→ **Study material**:

lemma moreau_gradient_step_descent:
  fixes f :: "'a::euclidean_space \<Rightarrow> ereal" and \<gamma> :: real
  defines "E \<equiv> \<lambda>u. real_of_ereal (moreau_env \<gamma> f u)"
  assumes sf: "standing_fact_on f \<rho> \<gamma> xb \<delta>"
    and cvx: "convex_on (cball xb \<delta>) E"
    and gamma: "0 < \<gamma>" "\<gamma> < lam" and rho_lam: "\<rho> * lam \<le> 1"
    and x: "x \<in> cball xb \<delta>" and z: "z \<in> cball xb \<delta>"
    and gd: "GDERIV E z :> g" and zeq: "z = x - (lam - \<gamma>) *\<^sub>R g"
    and x': "x' = z - (\<gamma> / (lam - \<gamma>)) *\<^sub>R (x - z)"
  shows "f x' + ereal (\<rho> / 2 * (norm (x' - x))\<^sup>2) \<le> f x"
proof -
  obtain p where prox_p: "\<forall>u\<in>cball xb \<delta>. prox \<gamma> f u = {p u}"
    and env_p: "\<forall>u\<in>cball xb \<delta>. \<bar>moreau_env \<gamma> f u\<bar> \<noteq> \<infinity> \<and>
       GDERIV E u :> ((1 / \<gamma>) *\<^sub>R (u - p u))"
    using sf unfolding standing_fact_on_def E_def by blast
  have g: "g = (1 / \<gamma>) *\<^sub>R (z - p z)"
    using gderiv_unique gd env_p z by blast
  have xz: "x - z = (lam - \<gamma>) *\<^sub>R g" using zeq by simp
  have x'z: "x' = z - \<gamma> *\<^sub>R g" using x' xz gamma by simp
  hence "x' \<in> prox \<gamma> f z" using prox_p z g gamma by simp
  hence "moreau_env \<gamma> f z = f x' + ereal ((norm (x' - z))\<^sup>2 / (2 * \<gamma>))"
    by (rule moreau_env_eq_prox)
  also have "(norm (x' - z))\<^sup>2 / (2 * \<gamma>) = \<gamma> / 2 * (norm g)\<^sup>2"
    using x'z gamma by (simp add: power2_eq_square)
  moreover have "moreau_env \<gamma> f z = ereal (E z)" "moreau_env \<gamma> f x = ereal (E x)"
    using env_p x z unfolding E_def by (auto simp: ereal_real')
  ultimately have env_z: "ereal (E z) = f x' + ereal (\<gamma> / 2 * (norm g)\<^sup>2)"
    and env_x: "ereal (E x) \<le> f x"
    using moreau_env_le_self by metis+
  have tangent: "E z + (lam - \<gamma>) * (norm g)\<^sup>2 \<le> E x"
    using convex_on_gderiv_le[OF cvx z x gd] xz by (simp add: power2_norm_eq_inner)
  have "\<rho> * lam * lam \<le> 2 * lam - \<gamma>"
    using mult_right_mono[OF rho_lam, of lam] gamma by linarith
  hence "\<rho> * lam * lam * (norm g)\<^sup>2 \<le> (2 * lam - \<gamma>) * (norm g)\<^sup>2"
    by (rule mult_right_mono) simp
  hence decrease: "\<rho> / 2 * (lam * norm g)\<^sup>2 \<le> \<gamma> / 2 * (norm g)\<^sup>2 + (lam - \<gamma>) * (norm g)\<^sup>2"
    by (simp add: power_mult_distrib power2_eq_square algebra_simps)
  have "norm (x' - x) = lam * norm g"
  proof -
    have "x' - x = (z - \<gamma> *\<^sub>R g) - (z + (lam - \<gamma>) *\<^sub>R g)"
      using x'z xz by (metis diff_add_cancel add.commute)
    hence "x' - x = - (lam *\<^sub>R g)" by (simp add: algebra_simps)
    thus ?thesis using gamma by simp
  qed
  hence "f x' + ereal (\<rho> / 2 * (norm (x' - x))\<^sup>2)
      \<le> f x' + ereal (\<gamma> / 2 * (norm g)\<^sup>2) + ereal ((lam - \<gamma>) * (norm g)\<^sup>2)"
    using decrease by (simp add: add.assoc add_left_mono)
  also have "\<dots> = ereal (E z + (lam - \<gamma>) * (norm g)\<^sup>2)" unfolding env_z[symmetric] by simp
  also have "\<dots> \<le> ereal (E x)" using tangent by simp
  finally show ?thesis using env_x by simp
qed

lemma ereal_telescope_le:
  fixes F :: "nat \<Rightarrow> ereal" and c :: "nat \<Rightarrow> real"
  assumes "\<And>k. F (Suc k) + ereal (c k) \<le> F k"
  shows "F n + ereal (\<Sum>k<n. c k) \<le> F 0"
proof (induction n)
  case (Suc n)
  have "F (Suc n) + ereal (\<Sum>k<Suc n. c k) = (F (Suc n) + ereal (c n)) + ereal (\<Sum>k<n. c k)"
    by (simp only: sum.lessThan_Suc plus_ereal.simps(1)[symmetric] ac_simps)
  also have "\<dots> \<le> F n + ereal (\<Sum>k<n. c k)" using assms add_right_mono by blast
  finally show ?case using Suc.IH by simp
qed simp

lemma long_steps_bound:
  fixes d :: "nat \<Rightarrow> real" and T :: int
  assumes "\<rho> > 0" "\<epsilon> > 0"
    and energy: "\<And>n. \<rho> / 2 * (\<Sum>k<n. (d k)\<^sup>2) \<le> D"
    and long: "\<And>k. int k \<le> T \<Longrightarrow> \<epsilon> < d k"
  shows "real_of_int T < 2 + 2 / \<rho> * D * (1 / \<epsilon>\<^sup>2)"
proof -
  have "0 \<le> D" using energy[of 0] by simp
  hence bound_nonneg: "0 \<le> 2 / \<rho> * D * (1 / \<epsilon>\<^sup>2)" using \<open>\<rho> > 0\<close> by simp
  show ?thesis
  proof (cases "T < 0")
    case False
    define n where "n = Suc (nat T)"
    have "(\<Sum>k<n. \<epsilon>\<^sup>2) < (\<Sum>k<n. (d k)\<^sup>2)"
    proof (rule sum_strict_mono)
      fix k assume "k \<in> {..<n}"
      hence "\<epsilon> < d k" using False long by (simp add: n_def)
      thus "\<epsilon>\<^sup>2 < (d k)\<^sup>2" using \<open>\<epsilon> > 0\<close> by (simp add: power_strict_mono)
    qed (auto simp: n_def)
    hence "\<rho> / 2 * (real n * \<epsilon>\<^sup>2) < \<rho> / 2 * (\<Sum>k<n. (d k)\<^sup>2)"
      using \<open>\<rho> > 0\<close> by simp
    hence "\<rho> / 2 * (real n * \<epsilon>\<^sup>2) < D" using energy[of n] by linarith
    hence "real n < 2 / \<rho> * D * (1 / \<epsilon>\<^sup>2)" using assms by (simp add: field_simps)
    thus ?thesis using False by (simp add: n_def)
  qed (use bound_nonneg in linarith)
qed

theorem theorem4p7:
  fixes f :: "'a::euclidean_space \<Rightarrow> ereal"
    and \<rho> :: real and xb :: 'a
    and lamb \<delta> \<beta> \<epsilon> :: real
    and \<gamma> lam \<sigma> :: "nat \<Rightarrow> real"
    and x z :: "nat \<Rightarrow> 'a" and xstar :: 'a
    and T :: int
  assumes proper: "proper_fun f"
    and lsc: "lsc_fun f"
    and bdd: "bounded_below_fun f"
    and rho_pos: "\<rho> > 0"
    and wcvx: "weakly_convex_on \<rho> UNIV f"
    and xb_dom: "f xb < \<infinity>"
    and crit: "0 \<in> limiting_subdiff f xb"
    and lb_pos: "lamb > 0"
    and bdd_gamma: "bounded (range \<gamma>)"
    and bdd_lambda: "bounded (range lam)"
    and param: "\<And>k. lamb < 2 * \<gamma> k \<and> 2 * \<gamma> k < lam k \<and> lam k < 1 / \<rho>"
    and delta_pos: "\<delta> > 0"
    and sf_gamma: "\<And>k. standing_fact_on f \<rho> (\<gamma> k) xb \<delta>"
    and sf_lambda: "\<And>k. standing_fact_on f \<rho> (lam k) xb \<delta>"
    and cvx_gamma: "\<And>k. convex_on (cball xb \<delta>) (\<lambda>u. real_of_ereal (moreau_env (\<gamma> k) f u))"
    and cvx_lambda: "\<And>k. convex_on (cball xb \<delta>) (\<lambda>u. real_of_ereal (moreau_env (lam k) f u))"
    and sigma: "\<And>k. 0 < \<sigma> k \<and>
        \<sigma> k < 2 / (1 + (lam k - \<gamma> k) / \<gamma> k * (1 + 1 / (1 - \<gamma> k * \<rho>)))\<^sup>2"
    and beta_pos: "\<beta> > 0"
    and beta: "\<And>k. \<beta> < \<delta> \<and>
        \<beta> < \<delta> / \<sigma> k * (1 - sqrt (1 - 2 * \<sigma> k + (\<sigma> k)\<^sup>2 *
               (1 + (lam k - \<gamma> k) / \<gamma> k * (1 + 1 / (1 - \<gamma> k * \<rho>)))\<^sup>2))"
    and alg_x: "\<And>k. x k \<in> cball xb \<beta>"
    and alg_z: "\<And>k. z k \<in> ball xb \<delta> \<and>
        (\<exists>g. GDERIV (\<lambda>u. real_of_ereal (moreau_env (\<gamma> k) f u)) (z k) :> g
             \<and> z k = x k - (lam k - \<gamma> k) *\<^sub>R g)"
    and alg_step: "\<And>k. x (Suc k) = z k - (\<gamma> k / (lam k - \<gamma> k)) *\<^sub>R (x k - z k)"
    and lim: "x \<longlonglongrightarrow> xstar"
    and fstar: "f xstar = (INF u\<in>cball xb \<beta>. f u)"
    and eps_pos: "\<epsilon> > 0"
    and gap: "\<And>k. int k \<le> T \<Longrightarrow> norm (x (Suc k) - x k) > \<epsilon>"
  shows "ereal (real_of_int T) < 2 + ereal (2 / \<rho>) * (f (x 0) - f xstar) * ereal (1 / \<epsilon>\<^sup>2)"
proof -
  define c where "c k = \<rho> / 2 * (norm (x (Suc k) - x k))\<^sup>2" for k
  have descent: "f (x (Suc k)) + ereal (c k) \<le> f (x k)" for k
  proof -
    obtain g where gd: "GDERIV (\<lambda>u. real_of_ereal (moreau_env (\<gamma> k) f u)) (z k) :> g"
      and zeq: "z k = x k - (lam k - \<gamma> k) *\<^sub>R g"
      using alg_z[of k] by blast
    have zk: "z k \<in> cball xb \<delta>" using alg_z[of k] by auto
    have xk: "x k \<in> cball xb \<delta>" using alg_x[of k] beta[of k] by (auto simp: dist_norm)
    have "0 < \<gamma> k" "\<gamma> k < lam k" using param[of k] lb_pos by auto
    moreover have "\<rho> * lam k \<le> 1" using param[of k] rho_pos by (simp add: field_simps)
    ultimately show ?thesis
      unfolding c_def
      by (rule moreau_gradient_step_descent[OF sf_gamma cvx_gamma _ _ _ xk zk gd zeq alg_step])
  qed
  have below: "f xstar \<le> f (x n)" for n unfolding fstar by (rule INF_lower) (rule alg_x)
  obtain cb :: real where "\<And>u. ereal cb \<le> f u" using bdd unfolding bounded_below_fun_def by blast
  hence "f xstar \<noteq> -\<infinity>" by (metis MInfty_neq_ereal(1) ereal_infty_less_eq(2))
  show ?thesis
  proof (cases "f (x 0) = \<infinity>")
    case True
    then show ?thesis
      using below[of 0] rho_pos eps_pos by (simp add: ereal_mult_infty ereal_infty_mult)
  next
    case False
    then obtain a s where a: "f (x 0) = ereal a" and s: "f xstar = ereal s"
      using below[of 0] \<open>f xstar \<noteq> -\<infinity>\<close> proper unfolding proper_fun_def
      by (cases "f (x 0)"; cases "f xstar") auto
    have "\<rho> / 2 * (\<Sum>k<n. (norm (x (Suc k) - x k))\<^sup>2) \<le> a - s" for n
    proof -
      have "ereal s + ereal (\<Sum>k<n. c k) \<le> ereal a"
        using ereal_telescope_le[of "\<lambda>k. f (x k)", OF descent, of n] below[of n] a s
        by (metis add_right_mono order_trans)
      thus ?thesis by (simp add: c_def sum_distrib_left)
    qed
    from long_steps_bound[OF rho_pos eps_pos this gap]
    show ?thesis using a s by simp
  qed
qed

end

→ **Prompt**:
Repeat the records above line by line, from the first line through the line that contains "using gderiv_unique gd env_p z by blast".

→ **Exercise solution**:
lemma moreau_gradient_step_descent:
  fixes f :: "'a::euclidean_space \<Rightarrow> ereal" and \<gamma> :: real
  defines "E \<equiv> \<lambda>u. real_of_ereal (moreau_env \<gamma> f u)"
  assumes sf: "standing_fact_on f \<rho> \<gamma> xb \<delta>"
    and cvx: "convex_on (cball xb \<delta>) E"
    and gamma: "0 < \<gamma>" "\<gamma> < lam" and rho_lam: "\<rho> * lam \<le> 1"
    and x: "x \<in> cball xb \<delta>" and z: "z \<in> cball xb \<delta>"
    and gd: "GDERIV E z :> g" and zeq: "z = x - (lam - \<gamma>) *\<^sub>R g"
    and x': "x' = z - (\<gamma> / (lam - \<gamma>)) *\<^sub>R (x - z)"
  shows "f x' + ereal (\<rho> / 2 * (norm (x' - x))\<^sup>2) \<le> f x"
proof -
  obtain p where prox_p: "\<forall>u\<in>cball xb \<delta>. prox \<gamma> f u = {p u}"
    and env_p: "\<forall>u\<in>cball xb \<delta>. \<bar>moreau_env \<gamma> f u\<bar> \<noteq> \<infinity> \<and>
       GDERIV E u :> ((1 / \<gamma>) *\<^sub>R (u - p u))"
    using sf unfolding standing_fact_on_def E_def by blast
  have g: "g = (1 / \<gamma>) *\<^sub>R (z - p z)"
    using gderiv_unique gd env_p z by blast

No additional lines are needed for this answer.